ACTIVITY: Character for character, give back every line below.
═══ RECORD EXTRACTS ═══
lemma bdd_below_K_set_values:
  "0 \<le> F \<Longrightarrow> y \<in> unit_cube \<Longrightarrow> bdd_below {v y |v. v \<in> K_set F R D}"
  using K_set_nonneg by (intro bdd_belowI[of _ 0]) blast

lemma v_agg_mem_K_set_values:
  "0 \<le> F \<Longrightarrow> v_agg F R D y \<in> {v y |v. v \<in> K_set F R D}"
  using v_agg_in_K_set by blast

lemma v_tight_le_v_agg:
  assumes "0 \<le> F" "y \<in> unit_cube"
  shows "v_tight F R D y \<le> v_agg F R D y"
  unfolding v_tight_def
  using v_agg_mem_K_set_values[OF assms(1)] bdd_below_K_set_values[OF assms] by (rule cInf_lower)

lemma v_tight_eq_v_agg:
  assumes "0 \<le> F" and "\<And>v. v \<in> K_set F R D \<Longrightarrow> v_agg F R D y \<le> v y"
  shows "v_tight F R D y = v_agg F R D y"
  unfolding v_tight_def
  using v_agg_mem_K_set_values[OF assms(1)] by (rule cInf_eq_minimum) (use assms(2) in blast)

section \<open>Station-free stretches of a round trip\<close>

definition bounce_index :: "nat \<Rightarrow> nat \<Rightarrow> nat" where
  "bounce_index m k = (if k mod (2 * m) \<le> m then k mod (2 * m) else 2 * m - k mod (2 * m))"

lemma bounce_index_le: "bounce_index m k \<le> m"
  unfolding bounce_index_def by auto

lemma bounce_index_Suc:
  assumes "1 \<le> m"
  shows "bounce_index m (Suc k) \<le> Suc (bounce_index m k)" "bounce_index m k \<le> Suc (bounce_index m (Suc k))"
proof -
  have "Suc k mod (2 * m) = (if Suc (k mod (2 * m)) = 2 * m then 0 else Suc (k mod (2 * m)))"
    by (rule mod_Suc)
  moreover have "k mod (2 * m) < 2 * m" using assms by simp
  ultimately show "bounce_index m (Suc k) \<le> Suc (bounce_index m k)"
    "bounce_index m k \<le> Suc (bounce_index m (Suc k))"
    unfolding bounce_index_def using assms by auto
qed

lemma walk_node_eq_nth_bounce_index:
  assumes "2 \<le> length r"
  shows "walk_node r k = r ! bounce_index (length r - 1) k"
proof -
  define m where "m = length r - 1"
  define p where "p = k mod (2 * m)"
  have m: "1 \<le> m" "length r = Suc m" using assms unfolding m_def by auto
  have p: "p < 2 * m" unfolding p_def using m by simp
  have "round_trip r ! p = r ! (if p \<le> m then p else 2 * m - p)"
  proof (cases "p \<le> m")
    case True
    then show ?thesis unfolding round_trip_def using m by (simp add: nth_append)
  next
    case False
    then have "round_trip r ! p = tl (rev r) ! (p - Suc m)"
      unfolding round_trip_def using m by (simp add: nth_append)
    also have "\<dots> = rev r ! Suc (p - Suc m)"
      using m p False by (simp add: nth_tl)
    also have "\<dots> = r ! (length r - Suc (Suc (p - Suc m)))"
      using m p False by (intro rev_nth) simp
    also have "length r - Suc (Suc (p - Suc m)) = 2 * m - p" using m p False by simp
    finally show ?thesis using False by simp
  qed
  then show ?thesis unfolding walk_node_def bounce_index_def p_def m_def by simp
qed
═══
TASK OUTPUT:
lemma bdd_below_K_set_values:
  "0 \<le> F \<Longrightarrow> y \<in> unit_cube \<Longrightarrow> bdd_below {v y |v. v \<in> K_set F R D}"
  using K_set_nonneg by (intro bdd_belowI[of _ 0]) blast

lemma v_agg_mem_K_set_values:
  "0 \<le> F \<Longrightarrow> v_agg F R D y \<in> {v y |v. v \<in> K_set F R D}"
  using v_agg_in_K_set by blast

lemma v_tight_le_v_agg:
  assumes "0 \<le> F" "y \<in> unit_cube"
  shows "v_tight F R D y \<le> v_agg F R D y"
  unfolding v_tight_def
  using v_agg_mem_K_set_values[OF assms(1)] bdd_below_K_set_values[OF assms] by (rule cInf_lower)

lemma v_tight_eq_v_agg:
  assumes "0 \<le> F" and "\<And>v. v \<in> K_set F R D \<Longrightarrow> v_agg F R D y \<le> v y"
  shows "v_tight F R D y = v_agg F R D y"
  unfolding v_tight_def
  using v_agg_mem_K_set_values[OF assms(1)] by (rule cInf_eq_minimum) (use assms(2) in blast)

section \<open>Station-free stretches of a round trip\<close>

definition bounce_index :: "nat \<Rightarrow> nat \<Rightarrow> nat" where
  "bounce_index m k = (if k mod (2 * m) \<le> m then k mod (2 * m) else 2 * m - k mod (2 * m))"

lemma bounce_index_le: "bounce_index m k \<le> m"
  unfolding bounce_index_def by auto

lemma bounce_index_Suc:
  assumes "1 \<le> m"
  shows "bounce_index m (Suc k) \<le> Suc (bounce_index m k)" "bounce_index m k \<le> Suc (bounce_index m (Suc k))"
proof -
  have "Suc k mod (2 * m) = (if Suc (k mod (2 * m)) = 2 * m then 0 else Suc (k mod (2 * m)))"
    by (rule mod_Suc)
  moreover have "k mod (2 * m) < 2 * m" using assms by simp
  ultimately show "bounce_index m (Suc k) \<le> Suc (bounce_index m k)"
    "bounce_index m k \<le> Suc (bounce_index m (Suc k))"
    unfolding bounce_index_def using assms by auto
qed

lemma walk_node_eq_nth_bounce_index:
  assumes "2 \<le> length r"
  shows "walk_node r k = r ! bounce_index (length r - 1) k"
proof -
  define m where "m = length r - 1"
  define p where "p = k mod (2 * m)"
  have m: "1 \<le> m" "length r = Suc m" using assms unfolding m_def by auto
  have p: "p < 2 * m" unfolding p_def using m by simp
  have "round_trip r ! p = r ! (if p \<le> m then p else 2 * m - p)"
  proof (cases "p \<le> m")
    case True
    then show ?thesis unfolding round_trip_def using m by (simp add: nth_append)
  next
    case False
    then have "round_trip r ! p = tl (rev r) ! (p - Suc m)"
      unfolding round_trip_def using m by (simp add: nth_append)
    also have "\<dots> = rev r ! Suc (p - Suc m)"
      using m p False by (simp add: nth_tl)
    also have "\<dots> = r ! (length r - Suc (Suc (p - Suc m)))"
      using m p False by (intro rev_nth) simp
    also have "length r - Suc (Suc (p - Suc m)) = 2 * m - p" using m p False by simp
    finally show ?thesis using False by simp
  qed
  then show ?thesis unfolding walk_node_def bounce_index_def p_def m_def by simp
qed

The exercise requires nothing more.